= Stock loan quasi-mortgage =

Type of securities lending

A Stock loan quasi-mortgage is a form of securities lending that uses stocks, bonds, mutual funds, or other eligible securities as the effective guarantee for a personal credit line used for the purchase of a home, investment in real estate, or for some portion of either of these (e.g., short-term finance, down payments). Stock loan quasi-mortgages are typically in the form of a simple credit line, with interest-only repayment terms.

Although margin-loan financing is the most well-known form of individual finance in the field of securities lending, the stock loan quasi-mortgage is substantially different. These loans are crafted as non-purpose credit in compliance with FRB Banking regulations, as opposed to margin loans which are "purpose credit". The key difference is that margin loan financing is intended for the purchase of stock, allowing the client to leverage the value of their holdings, while "non-purpose credit" is for any application other than the repurchase of marginable securities. Interest, however, may be deductible.

The stock loan quasi-mortgage is not a mortgage in the purest sense, but rather an asset-based formed of financing that allows borrowers to tap their portfolios without having to liquidate them. Unlike "non-recourse stock loans" which have been dismantled and regulated out of existence by lawmakers in the post-financial crisis era, the stock loan quasi-mortgage programs of today are handled entirely by and through fully licensed and regulated brokerages that are members of the Financial Industry Regulatory Authority (FINRA) and banks with transparent and audited financials.

== Availability ==
These institutional credit line programs are available only through long-standing depository relationships with institutional brokerages and their banking arms, and typically come with large depository minimums.

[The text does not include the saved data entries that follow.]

(* Let $\kappa\ge3$ and $0<h\le\frac1{10000\pi^2\kappa}$, let $f_{\mathrm{hard}}$ and $\Omega_{\mathrm{hard}}$ be as defined below, and let $\pi^*$ be the probability measure with density proportional to $e^{-f_{\mathrm{hard}}}$. Then $\pi^*(\Omega_{\mathrm{hard}})\ge e^{-d}$, and $\|\nabla f_{\mathrm{hard}}(x)\|_2\le10\sqrt{\kappa d}$ for all $x\in\Omega_{\mathrm{hard}}$.
   Context: $f_{\mathrm{hard}}(x)=\sum_{i=1}^d f_i(x_i)$ with $f_1(c)=\frac12c^2$ and $f_i(c)=\frac\kappa3c^2-\frac{\kappa h}3\cos\frac c{\sqrt h}$ for $2\le i\le d$ (so $I\preceq\nabla^2 f_{\mathrm{hard}}\preceq\kappa I$). Let $K_h=\lfloor\frac{5}{\pi\sqrt{h\kappa}}\rfloor$ and $\Omega_{\mathrm{hard}}$ be the set of $x\in\mathbb{R}^d$ with $|x_1|\le2$ such that for every $2\le i\le d$ there is an integer $k_i$ with $|k_i|\le K_h$ and $-\frac9{20}\pi\sqrt h+2\pi k_i\sqrt h\le x_i\le\frac9{20}\pi\sqrt h+2\pi k_i\sqrt h$. *)

theory Defs
  imports "HOL-Analysis.Analysis"
begin

text \<open>Points of R^d are vectors of type real^'n (d = CARD('n)); the distinguished
  "first" coordinate is an arbitrary fixed index i1.\<close>

definition f_hard :: "real \<Rightarrow> real \<Rightarrow> 'n::finite \<Rightarrow> real^'n \<Rightarrow> real" where
  "f_hard \<kappa> h i1 x = (\<Sum>i\<in>UNIV. if i = i1 then (x$i)^2 / 2
      else \<kappa>/3 * (x$i)^2 - \<kappa>*h/3 * cos (x$i / sqrt h))"

definition K_h :: "real \<Rightarrow> real \<Rightarrow> int" where
  "K_h \<kappa> h = \<lfloor>5 / (pi * sqrt (h * \<kappa>))\<rfloor>"

definition Omega_hard :: "real \<Rightarrow> real \<Rightarrow> 'n::finite \<Rightarrow> (real^'n) set" where
  "Omega_hard \<kappa> h i1 = {x. \<bar>x$i1\<bar> \<le> 2 \<and>
     (\<forall>i. i \<noteq> i1 \<longrightarrow> (\<exists>k::int. \<bar>k\<bar> \<le> K_h \<kappa> h \<and>
        - (9/20) * pi * sqrt h + 2 * pi * k * sqrt h \<le> x$i \<and>
        x$i \<le> (9/20) * pi * sqrt h + 2 * pi * k * sqrt h))}"

definition pi_star :: "real \<Rightarrow> real \<Rightarrow> 'n::finite \<Rightarrow> (real^'n) measure" where
  "pi_star \<kappa> h i1 = density lborel (\<lambda>x. ennreal (exp (- f_hard \<kappa> h i1 x) /
      (\<integral>y. exp (- f_hard \<kappa> h i1 y) \<partial>lborel)))"

end

theory Submission
  imports Defs "HOL-Probability.Distributions"
begin

text \<open>Both f_hard and Omega_hard split over the coordinates, so the normalised density of
  pi_star is a product and pi_star(Omega_hard) is the product of the one-dimensional ratios
  (mass of exp(-f_i) on the allowed set) / (total mass of exp(-f_i)); it suffices that each ratio
  is at least 1/e. For the others,
  f_i(c) = kappa/3 c^2 - (kappa h/3) cos(c / sqrt h) changes by less than 1/10 across a period
  cell of length 2 pi sqrt h centred at a minimum 2 pi k sqrt h with |k| <= K_h, so each such cell
  carries at most 5/2 times the mass of its central interval of half-width 9/20 pi sqrt h. These
  cells cover an interval (-T, T) with sqrt kappa * T > 9, beyond which the Gaussian tail is less
  than 1/100 of the mass inside; hence the ratio is at least 1/(5/2 * 101/100) > 1/e. The gradient
  bound is coordinatewise: |f_i'| <= 7 sqrt kappa on the allowed sets.\<close>

section \<open>Separable densities on real vectors\<close>

lemma nn_integral_gaussian:
  fixes a :: real
  assumes "0 < a"
  shows "(\<integral>\<^sup>+t. ennreal (exp (- a * t^2 / 2)) \<partial>lborel) = ennreal (sqrt (2 * pi / a))"
proof -
  define \<sigma> where "\<sigma> = 1 / sqrt a"
  have "\<sigma> > 0" and \<sigma>_sq: "\<sigma>^2 = 1 / a"
    using assms by (simp_all add: \<sigma>_def power_divide)
  have "normal_density 0 \<sigma> t = exp (- a * t^2 / 2) / sqrt (2 * pi / a)" for t
    unfolding normal_density_def \<sigma>_sq using assms by (simp add: field_simps)
  then have density: "exp (- a * t^2 / 2) = sqrt (2 * pi / a) * normal_density 0 \<sigma> t" for t
    using assms by simp
  have "(\<integral>\<^sup>+t. ennreal (normal_density 0 \<sigma> t) \<partial>lborel) = 1"
    using \<open>\<sigma> > 0\<close> by (subst nn_integral_eq_integral) auto
  then show ?thesis
    unfolding density using assms
    by (subst ennreal_mult, simp, simp, subst nn_integral_cmult) auto
qed

lemma nn_integral_lborel_vec_prod:
  fixes F :: "'n::finite \<Rightarrow> real \<Rightarrow> ennreal"
  assumes [measurable]: "\<And>i. F i \<in> borel_measurable borel"
  shows "(\<integral>\<^sup>+x. (\<Prod>i\<in>UNIV. F i (x$i)) \<partial>(lborel :: (real^'n) measure))
    = (\<Prod>i\<in>UNIV. \<integral>\<^sup>+t. F i t \<partial>lborel)"
proof -
  define f where "f b = F (SOME i. axis i (1::real) = b)" for b :: "real^'n"
  have inj: "inj (\<lambda>i::'n. axis i (1::real))"
    by (auto simp: inj_def axis_eq_axis)
  have Basis: "(Basis :: (real^'n) set) = range (\<lambda>i. axis i 1)"
    by (auto simp: Basis_vec_def)
  have f_axis: "f (axis i 1) = F i" for i
    unfolding f_def by (rule arg_cong[where f=F], rule some_equality) (auto simp: axis_eq_axis)
  have "(\<integral>\<^sup>+x. (\<Prod>b\<in>Basis. f b (x \<bullet> b)) \<partial>(lborel :: (real^'n) measure))
      = (\<Prod>b\<in>Basis. \<integral>\<^sup>+t. f b t \<partial>lborel)"
    by (rule nn_integral_lborel_prod) (auto simp: Basis f_axis)
  then show ?thesis
    unfolding Basis by (simp add: prod.reindex[OF inj] f_axis inner_axis)
qed

lemma indicator_vec_box:
  "indicator {x::'a^'n::finite. \<forall>i. x$i \<in> S i} x = (\<Prod>i\<in>UNIV. indicator (S i) (x$i) :: 'b::comm_semiring_1)"
proof (cases "\<forall>i. x$i \<in> S i")
  case False
  then obtain j where "x$j \<notin> S j" by blast
  then have "(\<Prod>i\<in>UNIV. indicator (S i) (x$i) :: 'b) = 0"
    by (intro prod_zero bexI[of _ j]) auto
  with False show ?thesis by simp
qed simp

lemma nn_integral_exp_neg_separable:
  fixes g :: "'n::finite \<Rightarrow> real \<Rightarrow> real" and S :: "'n \<Rightarrow> real set"
  assumes [measurable]: "\<And>i. g i \<in> borel_measurable borel" "\<And>i. S i \<in> sets borel"
  shows "(\<integral>\<^sup>+x. ennreal (exp (- (\<Sum>i\<in>UNIV. g i (x$i)))) * indicator {x. \<forall>i. x$i \<in> S i} x \<partial>lborel)
    = (\<Prod>i\<in>UNIV. \<integral>\<^sup>+t. ennreal (exp (- g i t)) * indicator (S i) t \<partial>lborel)"
proof -
  have "ennreal (exp (- (\<Sum>i\<in>UNIV. g i (x$i)))) * indicator {x. \<forall>i. x$i \<in> S i} x
      = (\<Prod>i\<in>UNIV. ennreal (exp (- g i (x$i))) * indicator (S i) (x$i))" for x :: "real^'n"
    by (simp add: indicator_vec_box exp_sum sum_negf[symmetric] prod_ennreal prod.distrib)
  then show ?thesis
    by (simp only:) (rule nn_integral_lborel_vec_prod, measurable)
qed

lemma emeasure_density_divide:
  assumes [measurable]: "A \<in> sets M" "f \<in> borel_measurable M" and "0 \<le> Z"
  shows "emeasure (density M (\<lambda>x. ennreal (f x / Z))) A
    = ennreal (1 / Z) * (\<integral>\<^sup>+x. ennreal (f x) * indicator A x \<partial>M)"
proof -
  have "emeasure (density M (\<lambda>x. ennreal (f x / Z))) A = (\<integral>\<^sup>+x. ennreal (f x / Z) * indicator A x \<partial>M)"
    by (rule emeasure_density) auto
  also have "\<dots> = (\<integral>\<^sup>+x. ennreal (1 / Z) * (ennreal (f x) * indicator A x) \<partial>M)"
    using \<open>0 \<le> Z\<close> by (intro nn_integral_cong) (simp add: ennreal_mult'[symmetric] mult.assoc[symmetric])
  also have "\<dots> = ennreal (1 / Z) * (\<integral>\<^sup>+x. ennreal (f x) * indicator A x \<partial>M)"
    by (rule nn_integral_cmult) simp
  finally show ?thesis .
qed

lemma ennreal_integral_exp_neg_separable:
  fixes g :: "'n::finite \<Rightarrow> real \<Rightarrow> real"
  assumes [measurable]: "\<And>i. g i \<in> borel_measurable borel"
    and "\<And>i. (\<integral>\<^sup>+t. ennreal (exp (- g i t)) \<partial>lborel) < \<infinity>"
  shows "ennreal (\<integral>x. exp (- (\<Sum>i\<in>UNIV. g i (x$i))) \<partial>lborel)
    = (\<Prod>i\<in>UNIV. \<integral>\<^sup>+t. ennreal (exp (- g i t)) \<partial>lborel)"
proof -
  have nn: "(\<integral>\<^sup>+x. ennreal (exp (- (\<Sum>i\<in>UNIV. g i (x$i)))) \<partial>(lborel :: (real^'n) measure))
      = (\<Prod>i\<in>UNIV. \<integral>\<^sup>+t. ennreal (exp (- g i t)) \<partial>lborel)"
    using nn_integral_exp_neg_separable[of g "\<lambda>_. UNIV"] by simp
  moreover have "(\<Prod>i\<in>UNIV. \<integral>\<^sup>+t. ennreal (exp (- g i t)) \<partial>lborel) < \<infinity>"
    using assms(2) by (simp add: less_top[symmetric] ennreal_prod_eq_top)
  ultimately have "integrable lborel (\<lambda>x::real^'n. exp (- (\<Sum>i\<in>UNIV. g i (x$i))))"
    by (intro integrableI_nonneg) auto
  then show ?thesis
    unfolding nn[symmetric] by (subst nn_integral_eq_integral) auto
qed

However, there are a few securities-based credit line programs currently open to the general public that allow access at competitive rates and terms without such advance depository or client relationships, and these can be easily found by searching on no title transfer stock loan financing and similar terms.

== Risks ==
Stock loan quasi-mortgages are callable if the value of the portfolio drops below a prescribed point, typically 130% of the value of whatever has been drawn. Unlike margin loans, however, most securities-based credit lines – of which a stock loan quasi-mortgage is an example – allow liberal call cure periods and multiple means to resolve the collateral issue, including the restructuring of some portfolio into less volatile securities. The best programs typically have a very good call record, with few or none, making the risk of a call relatively negligible.

== Applications ==
A stock-loan quasi-mortgage can be used to purchase a residential or commercial property outright, and can mean greatly reduced payments over time. Since most are structured as revolving lines of credit, they have no term, allowing the client to repay the principal (and refill their line) at their own pace. Rates are typically less than mortgages too, since this is a pure asset-based loan and the goal of the lending institution is not interest on your loan, but keeping a depository relationship with you long-term. Stock loan quasi-mortgages are used to bridge funding for short terms: sincere there is not a set term, and the principal can be repaid at any time, real estate investors who are waiting for other funding to be cleared but need to lock in a purchase can do so with their stock loan quasi-mortgage credit line, then repay the line and employ the regular loan as planned when the latter is ready. Since most of these securities-type credit lines close very quickly (two weeks or fewer on average) they can be the perfect solution, and do not require the sale of stock that might trigger a taxable event.

Stock loan quasi-mortgages are sometimes used as "insurance" cash for those real estate investors who want to be able to pull out a check book on the spot and lock in a purchase at known rates and terms, without running into unreasonable bank limits or requirements.